Planets Balanced On Giza Pyramids? Not So Fast, Astronomer Says
Science, superstition and rumor have come to an unusual alignment in a viral picture that purports to show Mercury, Venus and Saturn aligned in a diagonal above three pyramids in Giza, Egypt.
But as astronomer Phil Plait explains in a blog post for Discover Magazine, while there is going to be a relatively close conjunction of the three planets on December 3, they likely won't be arranged so neatly above the tops of the pyramids. By mapping the location of the planets with a computer program, Plait found that the three planets will not be in a completely straight line, and will actually be arranged in a much steeper angle, closer to vertical.
Commenters on Plait's post also noted that in the real-life version of the alignment later this year, Venus will be much brighter than Mercury or Saturn.
A blogger at Illinois SkyWatch that goes by the handle Croman concurred that the viral photo shouldn't be taken as gospel truth.
"Although a very cool picture indeed, it's not realistic," Croman wrote on Monday.
The alignment of three celestial objects - also known as a syzygy (pronounced like "sizz-a-gee") - isn't an uncommon occurrence. Earth gets to see it all the time in the form of lunar eclipses, solar eclipses, and even the recent transit of Venus.

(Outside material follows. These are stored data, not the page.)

lemma Ck_bilinear:
  assumes bl: "bounded_bilinear bp"
  shows "Ck k f \<Longrightarrow> Ck k g \<Longrightarrow> Ck k (\<lambda>z. bp (f z) (g z))"
proof (induction k arbitrary: f g)
  case 0 then show ?case
    using bounded_bilinear.continuous_on[OF bl] by auto
next
  case (Suc k)
  have "(\<lambda>z. dirderiv (\<lambda>z. bp (f z) (g z)) z w)
      = (\<lambda>z. bp (f z) (dirderiv g z w) + bp (dirderiv f z w) (g z))" for w
    by (rule ext, rule dirderiv_has_derivative, rule bounded_bilinear.FDERIV[OF bl])
       (use Suc.prems Ck_Suc_has_derivative in blast)+
  moreover have "(\<lambda>z. bp (f z) (g z)) differentiable_on UNIV"
  proof -
    have "\<And>z. ((\<lambda>z. bp (f z) (g z)) has_derivative
        (\<lambda>h. bp (f z) (dirderiv g z h) + bp (dirderiv f z h) (g z))) (at z)"
      by (rule bounded_bilinear.FDERIV[OF bl]) (use Suc.prems Ck_Suc_has_derivative in blast)+
    then show ?thesis by (auto simp: differentiable_on_def differentiable_def)
  qed
  moreover have "Ck k f" "Ck k g" using Suc.prems Ck_SucD by blast+
  ultimately show ?case using Suc
    by (auto intro!: Ck_add)
qed

lemma Ck_bounded_linear_comp:
  assumes bl: "bounded_linear T"
  shows "Ck k f \<Longrightarrow> Ck k (\<lambda>z. T (f z))"
proof (induction k arbitrary: f)
  case 0 then show ?case
    using bounded_linear.continuous_on[OF bl] by auto
next
  case (Suc k)
  have d: "((\<lambda>z. T (f z)) has_derivative (\<lambda>h. T (dirderiv f z h))) (at z)" for z
    by (rule bounded_linear.has_derivative[OF bl]) (use Suc.prems Ck_Suc_has_derivative in blast)
  have "(\<lambda>z. dirderiv (\<lambda>z. T (f z)) z w) = (\<lambda>z. T (dirderiv f z w))" for w
    by (rule ext, rule dirderiv_has_derivative, rule d)
  moreover have "(\<lambda>z. T (f z)) differentiable_on UNIV"
    using d by (auto simp: differentiable_on_def differentiable_def)
  ultimately show ?case using Suc by auto
qed

lemma Ck_comp_bounded_linear:
  assumes bl: "bounded_linear T"
  shows "Ck k f \<Longrightarrow> Ck k (\<lambda>z. f (T z))"
proof (induction k arbitrary: f)
  case 0 then show ?case
    using continuous_on_compose2[OF _ bounded_linear.continuous_on[OF bl continuous_on_id]]
    by auto
next
  case (Suc k)
  have d: "((\<lambda>z. f (T z)) has_derivative (\<lambda>h. dirderiv f (T z) (T h))) (at z)" for z
    by (rule has_derivative_compose[OF bounded_linear_imp_has_derivative[OF bl]])
       (use Suc.prems Ck_Suc_has_derivative in blast)
  have "(\<lambda>z. dirderiv (\<lambda>z. f (T z)) z w) = (\<lambda>z. dirderiv f (T z) (T w))" for w
    by (rule ext, rule dirderiv_has_derivative, rule d)
  moreover have "(\<lambda>z. f (T z)) differentiable_on UNIV"
    using d by (auto simp: differentiable_on_def differentiable_def)
  ultimately show ?case using Suc by auto
qed

lemma Ck_id: "Ck k (\<lambda>z. z)"
proof (cases k)
  case 0 then show ?thesis by simp
next
  case (Suc j)
  have e: "dirderiv (\<lambda>z. z) z w = w" for z w
    by (rule dirderiv_has_derivative) (rule has_derivative_ident)
  show ?thesis using Suc by (simp add: e Ck_const)
qed

lemma smooth_const[simp, intro]: "smooth (\<lambda>z. c)" unfolding smooth_def by (simp add: Ck_const)
lemma smooth_id[intro]: "smooth (\<lambda>z. z)" unfolding smooth_def by (simp add: Ck_id)
lemma smooth_add[intro]: "smooth f \<Longrightarrow> smooth g \<Longrightarrow> smooth (\<lambda>z. f z + g z)"
  unfolding smooth_def by (simp add: Ck_add)
lemma smooth_bilinear: "bounded_bilinear bp \<Longrightarrow> smooth f \<Longrightarrow> smooth g \<Longrightarrow> smooth (\<lambda>z. bp (f z) (g z))"
  unfolding smooth_def by (simp add: Ck_bilinear)
lemma smooth_bounded_linear_comp: "bounded_linear T \<Longrightarrow> smooth f \<Longrightarrow> smooth (\<lambda>z. T (f z))"
  unfolding smooth_def by (simp add: Ck_bounded_linear_comp)
lemma smooth_comp_bounded_linear: "bounded_linear T \<Longrightarrow> smooth f \<Longrightarrow> smooth (\<lambda>z. f (T z))"
  unfolding smooth_def by (simp add: Ck_comp_bounded_linear)

lemma smooth_mult[intro]: "smooth f \<Longrightarrow> smooth g \<Longrightarrow> smooth (\<lambda>z. (f z::real) * g z)"
  by (rule smooth_bilinear[OF bounded_bilinear_mult])
lemma smooth_scaleR[intro]: "smooth f \<Longrightarrow> smooth g \<Longrightarrow> smooth (\<lambda>z. f z *\<^sub>R g z)"
  by (rule smooth_bilinear[OF bounded_bilinear_scaleR])
lemma smooth_uminus[intro]: "smooth f \<Longrightarrow> smooth (\<lambda>z. - f z)"
  by (rule smooth_bounded_linear_comp[OF bounded_linear_minus[OF bounded_linear_ident]])
lemma smooth_diff[intro]: "smooth f \<Longrightarrow> smooth g \<Longrightarrow> smooth (\<lambda>z. f z - g z)"
  using smooth_add[of f "\<lambda>z. - g z"] smooth_uminus[of g] by simp
lemma smooth_sum[intro]: "(\<And>i. i \<in> S \<Longrightarrow> smooth (f i)) \<Longrightarrow> smooth (\<lambda>z. \<Sum>i\<in>S. f i z)"
proof (induction S rule: infinite_finite_induct)
  case (insert x F) then show ?case
    using smooth_add[of "f x" "\<lambda>z. \<Sum>i\<in>F. f i z"] by simp
qed auto
lemma smooth_vec_nth[intro]: "smooth F \<Longrightarrow> smooth (\<lambda>z. F z $ i)"
  by (rule smooth_bounded_linear_comp[OF bounded_linear_vec_nth])

lemma linear_axis: "linear (axis i :: 'a::real_vector \<Rightarrow> 'a^'k)"
  by (auto simp: linear_iff axis_def vec_eq_iff)

lemma vec_lambda_eq_sum_axis: "(\<chi> i. f i) = (\<Sum>i\<in>UNIV. axis i (f i))"
  by (simp add: vec_eq_iff axis_def if_distrib cong: if_cong)

lemma smooth_vec_lambda[intro]:
  "smooth (\<lambda>z. \<chi> i. f i z :: 'a::euclidean_space^'k)" if "\<And>i. smooth (f i)"
proof -
  have "(\<lambda>z. \<chi> i. f i z) = (\<lambda>z. \<Sum>i\<in>UNIV. axis i (f i z))"
    by (rule ext) (rule vec_lambda_eq_sum_axis)
  moreover have "smooth (\<lambda>z. \<Sum>i\<in>UNIV. axis i (f i z) :: 'a^'k)"
  proof (rule smooth_sum)
    fix i
    have "bounded_linear (axis i :: 'a \<Rightarrow> 'a^'k)"
      using linear_axis linear_conv_bounded_linear by blast
    then show "smooth (\<lambda>z. axis i (f i z) :: 'a^'k)"
      using smooth_bounded_linear_comp that by blast
  qed
  ultimately show ?thesis by simp
qed

lemma dirderiv_eq_sum_pd:
  assumes "(F has_derivative F') (at z)"
  shows "dirderiv F z (w::real^'m) = (\<Sum>i\<in>UNIV. (w $ i) *\<^sub>R pd F i z)"
proof -
  have lin: "linear F'" using assms has_derivative_linear by blast
  have "dirderiv F z w = F' w" by (rule dirderiv_has_derivative[OF assms])
  also have "\<dots> = F' (\<Sum>i\<in>UNIV. (w $ i) *\<^sub>R axis i 1)"
    by (simp add: basis_expansion flip: scalar_mult_eq_scaleR)
  also have "\<dots> = (\<Sum>i\<in>UNIV. (w $ i) *\<^sub>R F' (axis i 1))"
    using lin by (simp add: linear_sum linear_scale)
  also have "\<dots> = (\<Sum>i\<in>UNIV. (w $ i) *\<^sub>R pd F i z)"
    unfolding pd_def using dirderiv_has_derivative[OF assms] by simp
  finally show ?thesis .
qed

lemma smooth_dirderiv_along:
  assumes "smooth F" "smooth W"
  shows "smooth (\<lambda>z. dirderiv F z (W z :: real^'m))"
proof -
  have "(\<lambda>z. dirderiv F z (W z)) = (\<lambda>z. \<Sum>i\<in>UNIV. (W z $ i) *\<^sub>R pd F i z)"
    using dirderiv_eq_sum_pd[OF smooth_has_derivative[OF assms(1)]] by auto
  then show ?thesis using assms by (auto intro!: smooth_sum smooth_scaleR smooth_pd)
qed

lemma sum_fun_apply: "(\<Sum>i\<in>S. f i) x = (\<Sum>i\<in>S. f i x)"
  by (induction S rule: infinite_finite_induct) auto

lemma smooth_fun_add[intro]: "smooth f \<Longrightarrow> smooth g \<Longrightarrow> smooth (f + g)"
  unfolding plus_fun_def by (rule smooth_add)
lemma smooth_fun_mult[intro]: "smooth f \<Longrightarrow> smooth g \<Longrightarrow> smooth (f * (g :: _ \<Rightarrow> real))"
  unfolding times_fun_def by (rule smooth_mult)
lemma smooth_fun_uminus[intro]: "smooth f \<Longrightarrow> smooth (- f)"
  unfolding fun_Compl_def by (rule smooth_uminus)
lemma smooth_fun_diff[intro]: "smooth f \<Longrightarrow> smooth g \<Longrightarrow> smooth (f - g)"
  unfolding fun_diff_def by (rule smooth_diff)
lemma smooth_fun_sum[intro]: "(\<And>i. i \<in> S \<Longrightarrow> smooth (f i)) \<Longrightarrow> smooth (\<Sum>i\<in>S. f i)"
proof -
  assume "\<And>i. i \<in> S \<Longrightarrow> smooth (f i)"
  then have "smooth (\<lambda>x. \<Sum>i\<in>S. f i x)" by (rule smooth_sum)
  then show ?thesis by (simp add: sum_fun_apply[abs_def])
qed

lemma smooth_fun_zero[intro]: "smooth (0 :: _ \<Rightarrow> real)"
  unfolding zero_fun_def by (rule smooth_const)
lemma smooth_fun_one[intro]: "smooth (1 :: _ \<Rightarrow> real)"
  unfolding one_fun_def by (rule smooth_const)

lemma pd_has_derivative: "(F has_derivative F') (at z) \<Longrightarrow> pd F k z = F' (axis k 1)"
  unfolding pd_def by (rule dirderiv_has_derivative)

lemma pd_add: "smooth f \<Longrightarrow> smooth g \<Longrightarrow> pd (f + g) k = pd f k + pd g k"
proof (rule ext)
  fix z assume f: "smooth f" and g: "smooth g"
  have "((\<lambda>z. f z + g z) has_derivative (\<lambda>w. dirderiv f z w + dirderiv g z w)) (at z)"
    by (rule has_derivative_add[OF smooth_has_derivative[OF f] smooth_has_derivative[OF g]])
  then have "pd (\<lambda>z. f z + g z) k z = dirderiv f z (axis k 1) + dirderiv g z (axis k 1)"
    by (rule pd_has_derivative)
  then show "pd (f + g) k z = (pd f k + pd g k) z"
    unfolding plus_fun_def by (simp add: pd_def)
qed

lemma pd_mult: "smooth f \<Longrightarrow> smooth g \<Longrightarrow> pd (f * g) k = pd f k * g + f * (pd g k :: _ \<Rightarrow> real)"
proof (rule ext)
  fix z assume f: "smooth f" and g: "smooth g"
  have "((\<lambda>z. f z * g z) has_derivative (\<lambda>w. f z * dirderiv g z w + dirderiv f z w * g z)) (at z)"
    by (rule has_derivative_mult[OF smooth_has_derivative[OF f] smooth_has_derivative[OF g]])
  then have "pd (\<lambda>z. f z * g z) k z = f z * dirderiv g z (axis k 1) + dirderiv f z (axis k 1) * g z"
    by (rule pd_has_derivative)
  then show "pd (f * g) k z = (pd f k * g + f * pd g k) z"
    unfolding times_fun_def plus_fun_def by (simp add: pd_def)
qed

lemma pd_const: "pd (\<lambda>z. c) k = (\<lambda>z. 0)"
  by (rule ext, rule pd_has_derivative[OF has_derivative_const])

lemma pd_uminus: "smooth f \<Longrightarrow> pd (- f) k = - pd f k"
proof (rule ext)
  fix z assume f: "smooth f"
  have "((\<lambda>z. - f z) has_derivative (\<lambda>w. - dirderiv f z w)) (at z)"
    by (rule has_derivative_minus[OF smooth_has_derivative[OF f]])
  then have "pd (\<lambda>z. - f z) k z = - dirderiv f z (axis k 1)"
    by (rule pd_has_derivative)
  then show "pd (- f) k z = (- pd f k) z"
    unfolding fun_Compl_def by (simp add: pd_def)
qed
section \<open>The layer cake formula\<close>

lemma emeasure_lborel_atLeast: "emeasure lborel {a::real..} = top"
proof -
  have "of_nat n \<le> emeasure lborel {a::real..}" for n
    using emeasure_mono[of "{a..a + real n}" "{a..}" lborel] by (simp add: ennreal_of_nat_eq_real_of_nat)
  then show ?thesis
    by (metis SUP_least ennreal_SUP_of_nat_eq_top top_unique)
qed

lemma emeasure_lborel_below_ennreal: "emeasure lborel {y::real. 0 \<le> y \<and> ennreal y < c} = c"
proof (cases c)
  case (real r)
  then have "{y. 0 \<le> y \<and> ennreal y < c} = {0..<r}"
    by (auto simp: ennreal_less_iff)
  then show ?thesis using real by simp
next
  case top
  then show ?thesis using emeasure_lborel_atLeast[of 0] by (simp add: atLeast_def)
qed

lemma nn_integral_layer_cake:
  assumes "sigma_finite_measure M" and [measurable]: "S \<in> sets M"
    "w \<in> borel_measurable M" "g \<in> borel_measurable M"
  shows "(\<integral>\<^sup>+x\<in>S. w x * g x \<partial>M) =
    (\<integral>\<^sup>+y\<in>{0..}. (\<integral>\<^sup>+x\<in>S \<inter> {x. ennreal y < g x}. w x \<partial>M) \<partial>lborel)"
proof -
  interpret pair_sigma_finite M lborel
    by (intro pair_sigma_finite.intro assms(1) sigma_finite_lborel)
  have "(\<integral>\<^sup>+x\<in>S. w x * g x \<partial>M) =
      (\<integral>\<^sup>+x. \<integral>\<^sup>+y. w x * indicator S x * indicator {y. 0 \<le> y \<and> ennreal y < g x} y \<partial>lborel \<partial>M)"
    by (intro nn_integral_cong)
      (simp add: nn_integral_cmult emeasure_lborel_below_ennreal mult_ac)
  also have "\<dots> = (\<integral>\<^sup>+y. \<integral>\<^sup>+x. w x * indicator S x * indicator {y. 0 \<le> y \<and> ennreal y < g x} y \<partial>M \<partial>lborel)"
    by (rule Fubini'[symmetric]) measurable
  also have "\<dots> = (\<integral>\<^sup>+y\<in>{0..}. (\<integral>\<^sup>+x\<in>S \<inter> {x. ennreal y < g x}. w x \<partial>M) \<partial>lborel)"
    by (intro nn_integral_cong) (auto simp: nn_integral_multc[symmetric] intro!: nn_integral_cong split: split_indicator)
  finally show ?thesis .
qed

section \<open>Logarithmic masses of sublevel sets of circle means\<close>

definition radial_log_mass :: "real set \<Rightarrow> ennreal" where
  "radial_log_mass A = (\<integral>\<^sup>+r\<in>{0<..<1} \<inter> A. ennreal (1 / r) \<partial>lborel)"
lemma lemma_system_Suc:
  "lemma_system s (Suc d) lam \<alpha> \<rho> \<mu> \<sigma> A k \<longleftrightarrow>
     lemma_system (Suc s) d lam \<alpha> \<rho> \<mu> \<sigma> A k \<and> A_equation lam \<alpha> \<rho> \<mu> \<sigma> A k s \<and>
     (\<forall>i\<in>{1..s}. k_equation lam \<alpha> \<rho> \<mu> \<sigma> A k i s)"
proof -
  have split: "(\<forall>j. s \<le> j \<and> j < s + Suc d \<longrightarrow> P j) \<longleftrightarrow>
      P s \<and> (\<forall>j. Suc s \<le> j \<and> j < Suc s + d \<longrightarrow> P j)" for P :: "nat \<Rightarrow> bool"
    by (metis Suc_le_eq add_Suc add_Suc_right le_eq_less_or_eq less_add_Suc1 order.refl)
  show ?thesis
    unfolding lemma_system_def A_equation_def k_equation_def split
    by (simp only: add_Suc add_Suc_right) blast
qed

lemma lemma_system_cong:
  assumes "\<And>j. s \<le> j \<Longrightarrow> A' j = A j" "\<And>i j. s \<le> j \<Longrightarrow> k' i j = k i j"
  shows "lemma_system s d lam \<alpha> \<rho> \<mu> \<sigma> A' k' = lemma_system s d lam \<alpha> \<rho> \<mu> \<sigma> A k"
  unfolding lemma_system_def using assms by simp

lemma k_equation_iff:
  assumes "0 < \<alpha> i"
  shows "k_equation lam \<alpha> \<rho> \<mu> \<sigma> A k i j \<longleftrightarrow>
    \<alpha> i * k i j + lam * A (j+1) * exp (- \<alpha> i * k i (j+1)) * exp (\<alpha> i * k i j)
      = (beta \<rho> \<alpha> \<mu> \<sigma> i j + lam) * A j - 1"
proof -
  have exp_split: "exp (- \<alpha> i * (k i (j+1) - k i j)) = exp (- \<alpha> i * k i (j+1)) * exp (\<alpha> i * k i j)"
    by (simp add: exp_add[symmetric] algebra_simps)
  have solve: "u = v / \<alpha> i - w / \<alpha> i \<longleftrightarrow> \<alpha> i * u + w = v" for u v w :: real
    using assms by (auto simp: field_simps)
  show ?thesis
    unfolding k_equation_def exp_split solve by (simp add: mult.assoc)
qed

lemma A_equation_iff:
  assumes "1 \<le> j" "\<forall>i\<in>{1..j}. 0 < \<alpha> i" "0 < A j"
    and k_eqs: "\<forall>i\<in>{1..j}. k_equation lam \<alpha> \<rho> \<mu> \<sigma> A k i j"
  shows "A_equation lam \<alpha> \<rho> \<mu> \<sigma> A k j \<longleftrightarrow> (\<Sum>i=1..j. k i j) = 0"
proof -
  let ?P = "\<Sum>i=1..j. 1 / \<alpha> i" and ?Q = "\<Sum>i=1..j. beta \<rho> \<alpha> \<mu> \<sigma> i j / \<alpha> i"
  have P: "0 < ?P" using assms(1,2) by (intro sum_pos) auto
  have "(\<Sum>i=1..j. lam * A (j+1) * exp (- \<alpha> i * (k i (j+1) - k i j)) / \<alpha> i)
      = (\<Sum>i=1..j. A j * (beta \<rho> \<alpha> \<mu> \<sigma> i j / \<alpha> i) + (lam * A j - 1) * (1 / \<alpha> i) - k i j)"
  proof (rule sum.cong)
    fix i assume i: "i \<in> {1..j}"
    with k_eqs have "lam * A (j+1) * exp (- \<alpha> i * (k i (j+1) - k i j)) / \<alpha> i
        = ((beta \<rho> \<alpha> \<mu> \<sigma> i j + lam) * A j - 1) / \<alpha> i - k i j"
      unfolding k_equation_def by fastforce
    also have "\<dots> = A j * (beta \<rho> \<alpha> \<mu> \<sigma> i j / \<alpha> i) + (lam * A j - 1) * (1 / \<alpha> i) - k i j"
      by (simp add: algebra_simps add_divide_distrib diff_divide_distrib)
    finally show "lam * A (j+1) * exp (- \<alpha> i * (k i (j+1) - k i j)) / \<alpha> i
        = A j * (beta \<rho> \<alpha> \<mu> \<sigma> i j / \<alpha> i) + (lam * A j - 1) * (1 / \<alpha> i) - k i j" .
  qed simp
  also have "\<dots> = A j * ?Q + (lam * A j - 1) * ?P - (\<Sum>i=1..j. k i j)"
    by (simp add: sum.distrib sum_subtractf sum_distrib_left)
  finally have S: "(\<Sum>i=1..j. lam * A (j+1) * exp (- \<alpha> i * (k i (j+1) - k i j)) / \<alpha> i)
      = A j * ?Q + (lam * A j - 1) * ?P - (\<Sum>i=1..j. k i j)" .
  have "1 / a = inverse p * q + lam - inverse p * (a * q + (lam * a - 1) * p - r) * (1 / a)
      \<longleftrightarrow> r = 0" if "0 < a" "0 < p" for a p q r :: real
    using that by (simp add: field_simps)
  from this[OF assms(3) P] show ?thesis
    unfolding A_equation_def beta_Sigma_def alpha_Sigma_def S .
qed

lemma lemma_system_0_iff_step_system:
  assumes "1 \<le> s" "\<forall>i\<in>{1..s}. 0 < \<alpha> i \<and> 0 < beta \<rho> \<alpha> \<mu> \<sigma> i s"
  shows "lemma_system s 0 lam \<alpha> \<rho> \<mu> \<sigma> A k \<longleftrightarrow>
    step_system {1..s} (\<lambda>i. 1 / \<alpha> i) (\<lambda>i. beta \<rho> \<alpha> \<mu> \<sigma> i s) (\<lambda>_. 0) (A s) (\<lambda>i. \<alpha> i * k i s)"
proof -
  let ?P = "\<Sum>i=1..s. 1 / \<alpha> i" and ?Q = "\<Sum>i=1..s. beta \<rho> \<alpha> \<mu> \<sigma> i s / \<alpha> i"
  have P: "0 < ?P" and Q: "0 < ?Q" using assms by (auto intro!: sum_pos)
  have weighted: "(\<Sum>i=1..s. 1 / \<alpha> i * (\<alpha> i * k i s)) = (\<Sum>i=1..s. k i s)"
    using assms(2) by (intro sum.cong) force+
  have k_iff: "(\<forall>i\<in>{1..s}. k i s = (beta \<rho> \<alpha> \<mu> \<sigma> i s * A s - 1) / \<alpha> i) \<longleftrightarrow>
      (\<forall>i\<in>{1..s}. \<alpha> i * k i s + 0 * exp (\<alpha> i * k i s) = beta \<rho> \<alpha> \<mu> \<sigma> i s * A s - 1)"
    using assms(2) by (auto simp: field_simps)
  have "(\<Sum>i=1..s. k i s) = A s * ?Q - ?P"
    if "\<forall>i\<in>{1..s}. k i s = (beta \<rho> \<alpha> \<mu> \<sigma> i s * A s - 1) / \<alpha> i"
    using that by (simp add: sum_subtractf sum_distrib_left diff_divide_distrib ac_simps)
  moreover have "A s = 1 / beta_Sigma \<rho> \<alpha> \<mu> \<sigma> s \<longleftrightarrow> A s * ?Q - ?P = 0"
    unfolding beta_Sigma_def alpha_Sigma_def using P Q by (auto simp: field_simps)
  ultimately show ?thesis
    unfolding lemma_system_0 step_system_def weighted k_iff[symmetric] by auto
qed

lemma lemma_system_Suc_iff_step_system:
  assumes "1 \<le> s" "\<forall>i\<in>{1..s}. 0 < \<alpha> i" "0 < A s"
  shows "lemma_system s (Suc d) lam \<alpha> \<rho> \<mu> \<sigma> A k \<longleftrightarrow>
    lemma_system (Suc s) d lam \<alpha> \<rho> \<mu> \<sigma> A k \<and>
    step_system {1..s} (\<lambda>i. 1 / \<alpha> i) (\<lambda>i. beta \<rho> \<alpha> \<mu> \<sigma> i s + lam)
      (\<lambda>i. lam * A (s+1) * exp (- \<alpha> i * k i (s+1))) (A s) (\<lambda>i. \<alpha> i * k i s)"
proof -
  have weighted: "(\<Sum>i=1..s. 1 / \<alpha> i * (\<alpha> i * k i s)) = (\<Sum>i=1..s. k i s)"
    using assms(2) by (intro sum.cong) force+
  have "(\<forall>i\<in>{1..s}. k_equation lam \<alpha> \<rho> \<mu> \<sigma> A k i s) \<longleftrightarrow>
      (\<forall>i\<in>{1..s}. \<alpha> i * k i s + lam * A (s+1) * exp (- \<alpha> i * k i (s+1)) * exp (\<alpha> i * k i s)
        = (beta \<rho> \<alpha> \<mu> \<sigma> i s + lam) * A s - 1)"
    using k_equation_iff assms(2) by blast
  then show ?thesis
    unfolding lemma_system_Suc step_system_def weighted
    using A_equation_iff[of s \<alpha> A lam \<rho> \<mu> \<sigma> k] assms
    by blast
qed

definition solution_bounds ::
    "real \<Rightarrow> real \<Rightarrow> real \<Rightarrow> (nat \<Rightarrow> real) \<Rightarrow> (nat \<Rightarrow> real) \<Rightarrow> (nat \<Rightarrow> nat \<Rightarrow> real) \<Rightarrow> nat \<Rightarrow> bool" where
  "solution_bounds blo bhi lam \<alpha> A k j \<longleftrightarrow>
     1 / (bhi + lam) < A j \<and> A j \<le> 1 / blo \<and>
     (\<forall>i\<in>{1..j}. A j * exp (- \<alpha> i * k i j) \<le> 1 / blo \<and> \<alpha> i * k i j \<le> (bhi + lam) / blo - 1)"

context
  fixes N0 :: nat and lam blo bhi :: real
    and \<alpha> \<rho> :: "nat \<Rightarrow> real" and \<mu> \<sigma> :: "nat \<Rightarrow> nat \<Rightarrow> real"
  assumes N0: "1 \<le> N0" and lam: "0 < lam" and alpha_pos: "\<And>i. 1 \<le> i \<Longrightarrow> 0 < \<alpha> i"
    and blo: "0 < blo"
    and beta_bounds: "\<And>i j. N0 \<le> j \<Longrightarrow> 1 \<le> i \<Longrightarrow> i \<le> j \<Longrightarrow>
      blo \<le> beta \<rho> \<alpha> \<mu> \<sigma> i j \<and> beta \<rho> \<alpha> \<mu> \<sigma> i j \<le> bhi"
begin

In May 2011, Earthlings got an even bigger show when Mercury, Venus, Jupiter, Mars, Uranus and Neptune all appeared to line up roughly along the ecliptic - the path the sun seems to take through the sky.
Many a soothsayer has forecast doom because of a projected planetary alignment. "The Jupiter Effect," a 1974 book by John Gribbin and Stephen Plageman, predicted that a celestial event in 1982, when all nine planets (back when Pluto was still in the club) would be on the same side of the Sun and relatively aligned, would wreak havoc on Earth. Gribbin and Plageman claimed that the alignment would affect the solar winds coming off of the sun and somehow trigger extreme events on Earth, including earthquakes along the San Andreas Fault. Needless to say, the world did not end in 1982.
With apocalypse fever peaking because the Mayan Long Count calendar is about to essentially turn over a new page this December, it's no surprise that a conjunction of rare astronomical phenomena and mysticism can go viral.
Plait allowed that "Someone putting themself at just the right place to the northwest at just the right time might be able to get the three planets aligned with the three pyramids. That would be very pretty, and I'd love to see it personally! But," he added, "I wouldn't assign any spiritual significance to it beyond that."